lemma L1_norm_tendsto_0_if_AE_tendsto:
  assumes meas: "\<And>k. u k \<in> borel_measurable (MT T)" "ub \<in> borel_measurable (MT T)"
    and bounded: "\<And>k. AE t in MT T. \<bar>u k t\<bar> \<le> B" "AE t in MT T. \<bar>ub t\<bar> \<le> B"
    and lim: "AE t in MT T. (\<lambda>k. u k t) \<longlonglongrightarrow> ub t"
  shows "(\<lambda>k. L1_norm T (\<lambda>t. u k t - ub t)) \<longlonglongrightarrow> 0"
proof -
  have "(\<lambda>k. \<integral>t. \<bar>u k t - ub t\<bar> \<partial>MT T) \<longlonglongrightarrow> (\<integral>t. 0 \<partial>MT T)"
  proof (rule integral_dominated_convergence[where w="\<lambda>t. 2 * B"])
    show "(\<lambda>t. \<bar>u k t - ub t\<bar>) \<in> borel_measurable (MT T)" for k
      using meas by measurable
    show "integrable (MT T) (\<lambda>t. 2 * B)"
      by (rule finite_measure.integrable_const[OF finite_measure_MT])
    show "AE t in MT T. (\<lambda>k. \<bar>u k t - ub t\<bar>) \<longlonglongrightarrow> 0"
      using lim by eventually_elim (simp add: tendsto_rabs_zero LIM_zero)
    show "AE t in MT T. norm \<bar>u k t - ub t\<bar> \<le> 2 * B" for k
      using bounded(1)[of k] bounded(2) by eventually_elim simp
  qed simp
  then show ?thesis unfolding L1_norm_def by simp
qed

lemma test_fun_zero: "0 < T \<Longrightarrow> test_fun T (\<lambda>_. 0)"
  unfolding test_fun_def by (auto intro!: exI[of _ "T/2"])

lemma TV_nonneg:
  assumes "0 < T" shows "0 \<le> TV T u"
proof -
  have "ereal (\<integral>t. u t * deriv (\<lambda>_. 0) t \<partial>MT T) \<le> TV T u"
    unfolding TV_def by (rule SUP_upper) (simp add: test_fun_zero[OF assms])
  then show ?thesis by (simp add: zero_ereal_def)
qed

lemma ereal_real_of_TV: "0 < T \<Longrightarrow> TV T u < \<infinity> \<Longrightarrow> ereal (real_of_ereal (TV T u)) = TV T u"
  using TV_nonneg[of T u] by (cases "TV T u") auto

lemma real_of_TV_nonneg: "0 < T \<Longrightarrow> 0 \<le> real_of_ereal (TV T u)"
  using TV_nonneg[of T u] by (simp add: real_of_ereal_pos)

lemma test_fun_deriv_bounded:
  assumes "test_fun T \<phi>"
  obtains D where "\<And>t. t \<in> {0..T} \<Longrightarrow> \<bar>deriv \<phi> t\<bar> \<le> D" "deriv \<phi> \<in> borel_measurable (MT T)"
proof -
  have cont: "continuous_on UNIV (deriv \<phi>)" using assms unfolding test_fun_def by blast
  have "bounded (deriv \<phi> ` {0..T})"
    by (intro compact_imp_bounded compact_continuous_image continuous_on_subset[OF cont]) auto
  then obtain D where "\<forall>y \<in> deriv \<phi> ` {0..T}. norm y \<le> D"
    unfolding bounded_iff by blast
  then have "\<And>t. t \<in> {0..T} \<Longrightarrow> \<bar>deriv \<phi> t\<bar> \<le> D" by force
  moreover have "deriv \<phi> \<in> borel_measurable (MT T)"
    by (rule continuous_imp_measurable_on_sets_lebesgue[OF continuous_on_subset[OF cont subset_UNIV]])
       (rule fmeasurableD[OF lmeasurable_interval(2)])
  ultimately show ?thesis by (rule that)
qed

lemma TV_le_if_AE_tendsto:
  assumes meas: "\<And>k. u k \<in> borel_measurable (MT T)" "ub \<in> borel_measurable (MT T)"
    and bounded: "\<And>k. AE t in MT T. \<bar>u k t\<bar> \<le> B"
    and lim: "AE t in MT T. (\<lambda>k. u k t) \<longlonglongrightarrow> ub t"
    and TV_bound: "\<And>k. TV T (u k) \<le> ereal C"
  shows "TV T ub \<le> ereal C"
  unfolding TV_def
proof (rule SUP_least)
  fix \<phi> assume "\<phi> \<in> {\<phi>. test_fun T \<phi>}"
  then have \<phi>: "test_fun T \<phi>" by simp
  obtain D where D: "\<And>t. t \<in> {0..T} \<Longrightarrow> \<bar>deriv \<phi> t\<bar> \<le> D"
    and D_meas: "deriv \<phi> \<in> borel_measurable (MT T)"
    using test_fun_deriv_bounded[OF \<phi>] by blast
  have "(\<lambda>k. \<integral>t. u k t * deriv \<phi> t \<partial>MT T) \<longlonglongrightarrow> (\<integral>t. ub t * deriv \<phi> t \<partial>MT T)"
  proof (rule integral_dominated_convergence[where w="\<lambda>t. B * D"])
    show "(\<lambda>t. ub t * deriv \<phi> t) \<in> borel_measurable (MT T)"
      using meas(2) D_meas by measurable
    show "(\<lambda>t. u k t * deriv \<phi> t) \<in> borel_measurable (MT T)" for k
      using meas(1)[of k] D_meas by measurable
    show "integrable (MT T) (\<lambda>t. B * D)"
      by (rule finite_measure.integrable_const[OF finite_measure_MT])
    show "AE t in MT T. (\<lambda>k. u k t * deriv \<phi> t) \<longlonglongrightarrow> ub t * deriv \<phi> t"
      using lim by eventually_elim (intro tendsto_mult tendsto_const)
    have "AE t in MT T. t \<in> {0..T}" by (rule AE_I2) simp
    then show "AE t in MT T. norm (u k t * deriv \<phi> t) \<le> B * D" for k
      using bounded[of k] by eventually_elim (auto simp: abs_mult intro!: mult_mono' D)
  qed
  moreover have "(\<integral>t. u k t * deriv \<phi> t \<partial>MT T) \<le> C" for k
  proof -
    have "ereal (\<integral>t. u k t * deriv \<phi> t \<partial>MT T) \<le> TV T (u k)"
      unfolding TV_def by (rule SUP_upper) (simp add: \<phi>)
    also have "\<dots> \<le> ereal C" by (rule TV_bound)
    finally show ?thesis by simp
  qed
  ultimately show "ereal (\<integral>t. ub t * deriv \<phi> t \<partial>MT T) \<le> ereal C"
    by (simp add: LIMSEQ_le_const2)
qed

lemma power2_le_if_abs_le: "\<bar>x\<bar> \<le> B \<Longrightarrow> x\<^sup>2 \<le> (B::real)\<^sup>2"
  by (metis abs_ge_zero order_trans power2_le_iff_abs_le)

========

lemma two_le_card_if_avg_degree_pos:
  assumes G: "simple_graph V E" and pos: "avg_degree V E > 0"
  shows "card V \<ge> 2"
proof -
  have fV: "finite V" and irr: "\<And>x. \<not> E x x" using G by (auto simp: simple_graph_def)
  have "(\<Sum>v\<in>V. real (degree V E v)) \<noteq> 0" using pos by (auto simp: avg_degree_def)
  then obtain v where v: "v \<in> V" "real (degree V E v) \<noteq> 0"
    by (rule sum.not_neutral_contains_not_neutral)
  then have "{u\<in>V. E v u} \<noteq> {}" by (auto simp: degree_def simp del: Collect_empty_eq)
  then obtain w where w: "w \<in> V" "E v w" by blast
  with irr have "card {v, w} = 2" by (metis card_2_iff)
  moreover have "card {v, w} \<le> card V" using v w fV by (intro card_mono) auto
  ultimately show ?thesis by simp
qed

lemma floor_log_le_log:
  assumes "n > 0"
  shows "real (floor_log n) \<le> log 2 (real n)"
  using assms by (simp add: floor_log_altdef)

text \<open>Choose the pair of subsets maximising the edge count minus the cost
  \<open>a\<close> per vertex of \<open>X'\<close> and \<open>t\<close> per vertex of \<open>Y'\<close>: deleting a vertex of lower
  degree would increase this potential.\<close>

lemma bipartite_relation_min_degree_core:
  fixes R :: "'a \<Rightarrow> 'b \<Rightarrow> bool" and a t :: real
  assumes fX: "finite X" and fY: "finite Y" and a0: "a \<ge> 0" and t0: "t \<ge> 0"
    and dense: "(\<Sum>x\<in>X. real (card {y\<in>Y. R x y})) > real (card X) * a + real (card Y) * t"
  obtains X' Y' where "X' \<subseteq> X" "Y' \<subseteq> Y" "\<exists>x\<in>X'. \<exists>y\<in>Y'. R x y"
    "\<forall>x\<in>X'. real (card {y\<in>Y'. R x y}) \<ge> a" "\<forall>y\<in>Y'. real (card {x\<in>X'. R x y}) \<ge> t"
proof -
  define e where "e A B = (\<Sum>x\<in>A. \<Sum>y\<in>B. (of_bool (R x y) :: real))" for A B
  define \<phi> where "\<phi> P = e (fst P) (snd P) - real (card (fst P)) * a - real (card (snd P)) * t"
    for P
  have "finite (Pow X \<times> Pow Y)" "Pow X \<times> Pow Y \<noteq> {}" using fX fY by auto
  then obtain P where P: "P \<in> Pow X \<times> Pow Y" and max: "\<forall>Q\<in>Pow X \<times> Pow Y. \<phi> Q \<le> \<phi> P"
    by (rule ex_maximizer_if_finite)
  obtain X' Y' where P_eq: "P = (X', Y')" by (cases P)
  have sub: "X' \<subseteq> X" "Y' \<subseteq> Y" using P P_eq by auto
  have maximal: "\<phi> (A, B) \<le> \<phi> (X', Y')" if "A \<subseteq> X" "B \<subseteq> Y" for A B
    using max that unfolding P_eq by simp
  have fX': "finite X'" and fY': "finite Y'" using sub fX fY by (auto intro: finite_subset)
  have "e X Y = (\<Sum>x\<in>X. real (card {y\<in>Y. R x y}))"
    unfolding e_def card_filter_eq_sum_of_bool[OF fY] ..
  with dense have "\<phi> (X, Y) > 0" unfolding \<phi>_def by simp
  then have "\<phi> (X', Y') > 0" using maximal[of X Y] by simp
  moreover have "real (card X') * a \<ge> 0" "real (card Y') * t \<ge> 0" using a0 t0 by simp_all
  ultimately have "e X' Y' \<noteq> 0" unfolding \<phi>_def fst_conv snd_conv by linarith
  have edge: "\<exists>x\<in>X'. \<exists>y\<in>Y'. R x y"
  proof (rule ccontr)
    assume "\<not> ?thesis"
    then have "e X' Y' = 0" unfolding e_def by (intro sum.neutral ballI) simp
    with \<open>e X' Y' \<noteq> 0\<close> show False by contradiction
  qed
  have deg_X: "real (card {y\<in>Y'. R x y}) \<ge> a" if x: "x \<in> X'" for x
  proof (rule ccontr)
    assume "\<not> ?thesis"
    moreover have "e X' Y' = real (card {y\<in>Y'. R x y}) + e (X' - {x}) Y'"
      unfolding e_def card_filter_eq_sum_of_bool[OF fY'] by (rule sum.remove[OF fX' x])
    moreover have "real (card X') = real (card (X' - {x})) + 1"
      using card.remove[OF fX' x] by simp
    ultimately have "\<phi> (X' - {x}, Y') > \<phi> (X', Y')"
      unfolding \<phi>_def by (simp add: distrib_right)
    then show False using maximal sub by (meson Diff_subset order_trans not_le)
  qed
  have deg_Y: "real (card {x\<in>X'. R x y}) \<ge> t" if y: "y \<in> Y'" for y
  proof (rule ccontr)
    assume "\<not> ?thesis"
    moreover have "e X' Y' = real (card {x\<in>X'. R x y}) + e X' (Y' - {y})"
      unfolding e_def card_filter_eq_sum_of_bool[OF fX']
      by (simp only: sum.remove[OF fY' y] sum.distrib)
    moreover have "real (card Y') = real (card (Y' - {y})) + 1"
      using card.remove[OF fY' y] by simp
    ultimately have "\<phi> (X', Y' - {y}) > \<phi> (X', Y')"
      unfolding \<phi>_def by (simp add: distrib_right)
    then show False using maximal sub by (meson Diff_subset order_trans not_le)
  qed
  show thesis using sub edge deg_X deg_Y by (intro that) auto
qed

========

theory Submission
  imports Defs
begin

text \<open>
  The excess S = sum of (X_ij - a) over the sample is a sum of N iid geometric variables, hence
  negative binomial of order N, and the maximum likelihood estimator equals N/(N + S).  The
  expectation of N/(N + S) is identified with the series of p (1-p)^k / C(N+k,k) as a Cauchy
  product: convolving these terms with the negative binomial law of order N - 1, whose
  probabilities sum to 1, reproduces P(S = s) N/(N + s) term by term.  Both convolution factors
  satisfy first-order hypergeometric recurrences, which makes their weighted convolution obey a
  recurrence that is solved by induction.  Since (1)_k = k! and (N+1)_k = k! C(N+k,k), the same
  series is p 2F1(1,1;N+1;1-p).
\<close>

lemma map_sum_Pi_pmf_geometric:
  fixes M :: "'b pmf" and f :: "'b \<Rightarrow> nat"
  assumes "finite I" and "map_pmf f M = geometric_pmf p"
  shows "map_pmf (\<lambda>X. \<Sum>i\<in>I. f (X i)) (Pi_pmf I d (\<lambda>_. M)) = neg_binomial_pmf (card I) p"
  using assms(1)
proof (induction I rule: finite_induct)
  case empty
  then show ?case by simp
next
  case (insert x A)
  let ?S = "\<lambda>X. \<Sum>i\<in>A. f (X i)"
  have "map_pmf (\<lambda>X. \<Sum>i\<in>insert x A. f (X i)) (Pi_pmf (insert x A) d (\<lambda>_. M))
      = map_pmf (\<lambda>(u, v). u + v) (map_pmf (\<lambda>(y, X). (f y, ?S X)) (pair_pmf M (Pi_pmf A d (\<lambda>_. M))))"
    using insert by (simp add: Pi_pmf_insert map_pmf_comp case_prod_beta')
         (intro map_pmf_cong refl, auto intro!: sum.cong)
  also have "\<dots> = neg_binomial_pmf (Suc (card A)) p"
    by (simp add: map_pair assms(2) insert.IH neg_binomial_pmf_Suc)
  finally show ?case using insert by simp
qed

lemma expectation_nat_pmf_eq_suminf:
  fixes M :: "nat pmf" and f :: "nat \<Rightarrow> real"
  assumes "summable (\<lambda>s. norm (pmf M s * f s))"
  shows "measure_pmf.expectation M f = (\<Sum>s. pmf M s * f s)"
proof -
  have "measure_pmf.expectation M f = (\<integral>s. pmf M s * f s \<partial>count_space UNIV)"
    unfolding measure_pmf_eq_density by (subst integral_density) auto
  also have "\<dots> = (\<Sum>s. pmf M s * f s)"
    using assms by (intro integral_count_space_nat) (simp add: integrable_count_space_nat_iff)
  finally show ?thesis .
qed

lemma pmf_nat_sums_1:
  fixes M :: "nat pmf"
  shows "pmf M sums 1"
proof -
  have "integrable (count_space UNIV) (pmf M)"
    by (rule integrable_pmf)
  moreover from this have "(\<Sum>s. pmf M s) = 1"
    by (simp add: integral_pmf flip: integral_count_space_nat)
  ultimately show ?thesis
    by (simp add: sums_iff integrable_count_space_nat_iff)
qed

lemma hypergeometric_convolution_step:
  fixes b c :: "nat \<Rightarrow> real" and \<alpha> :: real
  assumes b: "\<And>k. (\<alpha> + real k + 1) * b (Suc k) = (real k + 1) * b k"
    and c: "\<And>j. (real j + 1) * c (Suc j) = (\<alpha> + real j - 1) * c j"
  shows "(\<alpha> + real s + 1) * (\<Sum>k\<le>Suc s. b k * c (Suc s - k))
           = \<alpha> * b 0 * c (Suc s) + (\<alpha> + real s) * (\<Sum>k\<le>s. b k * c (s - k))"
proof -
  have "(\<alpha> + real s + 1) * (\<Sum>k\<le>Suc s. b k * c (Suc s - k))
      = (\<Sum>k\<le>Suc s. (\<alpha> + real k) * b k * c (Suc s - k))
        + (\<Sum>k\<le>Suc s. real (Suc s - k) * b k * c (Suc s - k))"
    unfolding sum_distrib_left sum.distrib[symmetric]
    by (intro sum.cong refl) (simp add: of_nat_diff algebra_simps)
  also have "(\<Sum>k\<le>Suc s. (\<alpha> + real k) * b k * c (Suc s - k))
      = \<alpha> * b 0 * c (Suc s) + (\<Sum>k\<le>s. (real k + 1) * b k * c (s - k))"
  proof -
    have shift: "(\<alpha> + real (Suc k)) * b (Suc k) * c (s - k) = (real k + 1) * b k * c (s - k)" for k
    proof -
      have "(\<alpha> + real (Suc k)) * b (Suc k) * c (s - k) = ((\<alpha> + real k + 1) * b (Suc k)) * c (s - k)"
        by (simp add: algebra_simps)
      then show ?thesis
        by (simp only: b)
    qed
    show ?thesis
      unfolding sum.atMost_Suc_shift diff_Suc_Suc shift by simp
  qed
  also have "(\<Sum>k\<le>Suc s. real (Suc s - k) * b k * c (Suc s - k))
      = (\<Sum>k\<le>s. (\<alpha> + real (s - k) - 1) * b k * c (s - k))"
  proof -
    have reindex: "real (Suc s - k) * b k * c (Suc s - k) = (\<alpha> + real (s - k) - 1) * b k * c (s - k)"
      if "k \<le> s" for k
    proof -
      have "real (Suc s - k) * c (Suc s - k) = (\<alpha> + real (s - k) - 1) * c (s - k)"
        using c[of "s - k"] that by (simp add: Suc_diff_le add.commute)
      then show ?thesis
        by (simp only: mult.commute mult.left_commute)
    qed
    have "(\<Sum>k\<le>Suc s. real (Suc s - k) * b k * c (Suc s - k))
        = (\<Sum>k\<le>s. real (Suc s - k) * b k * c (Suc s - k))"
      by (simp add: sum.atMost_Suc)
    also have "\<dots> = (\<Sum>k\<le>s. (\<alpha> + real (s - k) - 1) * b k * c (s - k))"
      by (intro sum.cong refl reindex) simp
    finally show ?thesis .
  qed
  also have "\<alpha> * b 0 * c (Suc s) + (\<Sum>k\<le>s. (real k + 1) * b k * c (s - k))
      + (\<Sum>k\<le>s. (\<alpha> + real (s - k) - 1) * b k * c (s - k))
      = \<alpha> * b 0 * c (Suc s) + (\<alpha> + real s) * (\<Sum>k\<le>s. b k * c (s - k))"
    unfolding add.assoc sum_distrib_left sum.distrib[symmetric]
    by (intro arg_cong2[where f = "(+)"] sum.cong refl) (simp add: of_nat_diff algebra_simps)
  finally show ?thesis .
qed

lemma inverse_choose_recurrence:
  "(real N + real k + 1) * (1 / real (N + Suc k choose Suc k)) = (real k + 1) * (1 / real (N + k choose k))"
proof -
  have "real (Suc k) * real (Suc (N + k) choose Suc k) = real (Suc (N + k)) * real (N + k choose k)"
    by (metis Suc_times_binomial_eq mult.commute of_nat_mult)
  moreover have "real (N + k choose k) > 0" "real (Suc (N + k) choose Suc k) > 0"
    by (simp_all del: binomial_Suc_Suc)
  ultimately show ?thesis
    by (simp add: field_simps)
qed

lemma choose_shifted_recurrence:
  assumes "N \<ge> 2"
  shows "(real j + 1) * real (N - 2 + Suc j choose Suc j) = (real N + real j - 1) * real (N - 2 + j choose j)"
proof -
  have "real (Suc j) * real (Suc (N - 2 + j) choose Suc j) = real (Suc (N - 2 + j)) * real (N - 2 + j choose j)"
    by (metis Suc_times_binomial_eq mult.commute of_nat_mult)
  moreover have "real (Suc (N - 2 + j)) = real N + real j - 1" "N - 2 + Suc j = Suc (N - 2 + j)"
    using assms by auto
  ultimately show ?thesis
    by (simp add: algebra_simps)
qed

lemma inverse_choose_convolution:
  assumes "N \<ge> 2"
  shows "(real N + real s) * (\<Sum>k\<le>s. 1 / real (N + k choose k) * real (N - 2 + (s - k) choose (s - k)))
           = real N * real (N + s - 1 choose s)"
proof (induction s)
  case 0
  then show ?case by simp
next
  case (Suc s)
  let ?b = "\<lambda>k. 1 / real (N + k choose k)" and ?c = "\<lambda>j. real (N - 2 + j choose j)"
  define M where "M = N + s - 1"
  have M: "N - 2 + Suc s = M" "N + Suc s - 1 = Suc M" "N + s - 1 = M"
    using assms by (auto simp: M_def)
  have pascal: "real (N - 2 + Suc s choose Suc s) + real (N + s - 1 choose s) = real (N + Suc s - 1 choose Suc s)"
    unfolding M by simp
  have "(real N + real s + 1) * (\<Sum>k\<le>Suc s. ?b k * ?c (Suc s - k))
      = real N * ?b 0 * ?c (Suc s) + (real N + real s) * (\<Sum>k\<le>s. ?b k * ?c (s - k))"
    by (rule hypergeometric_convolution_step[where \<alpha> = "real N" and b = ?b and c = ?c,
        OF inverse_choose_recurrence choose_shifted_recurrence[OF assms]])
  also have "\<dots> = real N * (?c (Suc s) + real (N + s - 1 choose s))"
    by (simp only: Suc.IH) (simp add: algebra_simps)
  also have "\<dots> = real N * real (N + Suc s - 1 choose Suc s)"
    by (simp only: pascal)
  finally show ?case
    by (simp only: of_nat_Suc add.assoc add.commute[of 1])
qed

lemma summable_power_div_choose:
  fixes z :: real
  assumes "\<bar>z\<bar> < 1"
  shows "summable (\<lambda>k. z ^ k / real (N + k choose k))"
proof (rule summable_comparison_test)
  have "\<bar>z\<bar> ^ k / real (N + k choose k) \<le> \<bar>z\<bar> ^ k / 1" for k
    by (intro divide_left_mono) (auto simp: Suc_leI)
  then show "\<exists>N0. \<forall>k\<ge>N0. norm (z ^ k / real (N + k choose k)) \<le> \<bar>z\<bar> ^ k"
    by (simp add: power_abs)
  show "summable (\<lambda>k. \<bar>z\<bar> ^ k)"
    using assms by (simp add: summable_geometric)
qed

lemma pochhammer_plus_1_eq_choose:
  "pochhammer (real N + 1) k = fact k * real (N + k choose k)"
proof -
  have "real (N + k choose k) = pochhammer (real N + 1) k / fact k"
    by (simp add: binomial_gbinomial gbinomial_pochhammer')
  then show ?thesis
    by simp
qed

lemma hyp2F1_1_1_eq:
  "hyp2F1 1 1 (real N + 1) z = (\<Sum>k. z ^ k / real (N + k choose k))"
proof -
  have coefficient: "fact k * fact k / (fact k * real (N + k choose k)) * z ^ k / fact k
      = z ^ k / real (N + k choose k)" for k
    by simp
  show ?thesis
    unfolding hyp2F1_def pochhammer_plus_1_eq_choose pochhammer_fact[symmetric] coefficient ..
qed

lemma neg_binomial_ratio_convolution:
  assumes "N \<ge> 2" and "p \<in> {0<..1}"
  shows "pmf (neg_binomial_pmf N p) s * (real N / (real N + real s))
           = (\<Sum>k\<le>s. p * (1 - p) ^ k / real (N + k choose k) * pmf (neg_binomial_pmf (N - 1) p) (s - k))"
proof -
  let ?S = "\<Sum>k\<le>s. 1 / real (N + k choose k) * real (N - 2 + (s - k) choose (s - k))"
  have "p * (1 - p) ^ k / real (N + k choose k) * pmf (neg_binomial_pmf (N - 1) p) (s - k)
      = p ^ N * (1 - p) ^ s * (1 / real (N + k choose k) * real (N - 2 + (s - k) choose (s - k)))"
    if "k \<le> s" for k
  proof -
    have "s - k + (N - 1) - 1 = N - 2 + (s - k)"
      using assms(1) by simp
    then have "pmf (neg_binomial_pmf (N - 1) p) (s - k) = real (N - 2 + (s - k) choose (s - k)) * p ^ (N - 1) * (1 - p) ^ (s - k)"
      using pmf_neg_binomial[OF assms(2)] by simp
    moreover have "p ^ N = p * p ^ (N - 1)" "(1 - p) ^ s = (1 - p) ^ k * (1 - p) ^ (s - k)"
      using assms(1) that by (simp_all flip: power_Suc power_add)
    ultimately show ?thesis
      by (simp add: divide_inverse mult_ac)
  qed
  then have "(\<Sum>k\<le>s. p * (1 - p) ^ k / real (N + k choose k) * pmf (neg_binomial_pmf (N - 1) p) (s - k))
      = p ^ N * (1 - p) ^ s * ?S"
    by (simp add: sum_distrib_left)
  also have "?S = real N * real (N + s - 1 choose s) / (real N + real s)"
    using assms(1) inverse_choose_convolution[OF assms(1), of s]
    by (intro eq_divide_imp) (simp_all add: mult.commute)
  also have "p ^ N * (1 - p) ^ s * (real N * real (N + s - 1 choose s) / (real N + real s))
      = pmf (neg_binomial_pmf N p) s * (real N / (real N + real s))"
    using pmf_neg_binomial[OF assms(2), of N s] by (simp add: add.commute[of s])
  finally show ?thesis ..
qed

========

# Your task
Every line of the listing that includes the word "remove" belongs in the answer.

# Task output
      unfolding e_def card_filter_eq_sum_of_bool[OF fY'] by (rule sum.remove[OF fX' x])
      using card.remove[OF fX' x] by simp
      by (simp only: sum.remove[OF fY' y] sum.distrib)
      using card.remove[OF fY' y] by simp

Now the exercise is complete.